** Opening Given data block **

definition metric_on :: "'a set \<Rightarrow> ('a \<Rightarrow> 'a \<Rightarrow> real) \<Rightarrow> bool" where
  "metric_on X d \<longleftrightarrow>
     (\<forall>x\<in>X. \<forall>y\<in>X. d x y \<ge> 0 \<and> (d x y = 0 \<longleftrightarrow> x = y) \<and> d x y = d y x) \<and>
     (\<forall>x\<in>X. \<forall>y\<in>X. \<forall>z\<in>X. d x y \<le> d x z + d z y)"

definition pseudo_quasi_metric_on :: "'a set \<Rightarrow> ('a \<Rightarrow> 'a \<Rightarrow> real) \<Rightarrow> bool" where
  "pseudo_quasi_metric_on X d \<longleftrightarrow>
     (\<forall>x\<in>X. \<forall>y\<in>X. d x y \<ge> 0 \<and> d x x = 0 \<and> d x y = d y x) \<and>
     (\<exists>C\<ge>1. \<forall>x\<in>X. \<forall>y\<in>X. \<forall>z\<in>X. d x y \<le> C * (d x z + d z y))"

end

theory Submission imports Defs begin

(* Matrices in I^+_D have nonnegative entries and positive diagonal, and sigma_{s,l} is an odd,
   strictly increasing function vanishing only at 0. Hence every layer u_j(x,y) is a nonnegative
   vector, symmetric in x and y, which vanishes exactly when x and y agree on the first D
   coordinates. The first layer satisfies the triangle inequality componentwise. Each later layer,
   and the output, inherits a quasi-triangle inequality from the previous layer, because
   t <= C (a + b) implies sigma(t) <= (2C)^max(s,l) (sigma(a) + sigma(b)). When s, l <= 1 the map
   t |-> sigma(t) / t is nonincreasing, so sigma is subadditive and the exact triangle inequality
   propagates instead. *)

lemma sigma_of_nonneg: "0 \<le> t \<Longrightarrow> sigma s l t = (if t < 1 then t powr s else t powr l)"
  by (simp add: sigma_def sgn1_def)

lemma sigma_zero [simp]: "sigma s l 0 = 0"
  by (simp add: sigma_of_nonneg)

lemma sigma_minus: "sigma s l (- x) = - sigma s l x"
  by (cases x "0::real" rule: linorder_cases) (auto simp: sigma_def sgn1_def)

lemma sigma_nonneg: "0 \<le> t \<Longrightarrow> 0 \<le> sigma s l t"
  by (simp add: sigma_of_nonneg)

lemma sigma_pos: "0 < t \<Longrightarrow> 0 < sigma s l t"
  by (simp add: sigma_of_nonneg)

lemma sigma_strict_mono_nonneg:
  assumes "0 < s" "0 < l" "0 \<le> a" "a < b"
  shows "sigma s l a < sigma s l b"
proof (cases "b < 1")
  case True
  then show ?thesis using assms by (simp add: sigma_of_nonneg powr_less_mono2)
next
  case b: False
  show ?thesis
  proof (cases "a < 1")
    case True
    have "a powr s < 1" using assms True by (metis powr_less_mono2 powr_one_eq_one)
    moreover have "1 \<le> b powr l" using b assms ge_one_powr_ge_zero by auto
    ultimately show ?thesis using True b assms by (simp add: sigma_of_nonneg)
  next
    case False
    then show ?thesis using assms b by (simp add: sigma_of_nonneg powr_less_mono2)
  qed
qed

** Closing Given data block **

* Assignment *
Read through the lines above and collect those that contain the string "definition".

* Solved exercise *
definition metric_on :: "'a set \<Rightarrow> ('a \<Rightarrow> 'a \<Rightarrow> real) \<Rightarrow> bool" where
definition pseudo_quasi_metric_on :: "'a set \<Rightarrow> ('a \<Rightarrow> 'a \<Rightarrow> real) \<Rightarrow> bool" where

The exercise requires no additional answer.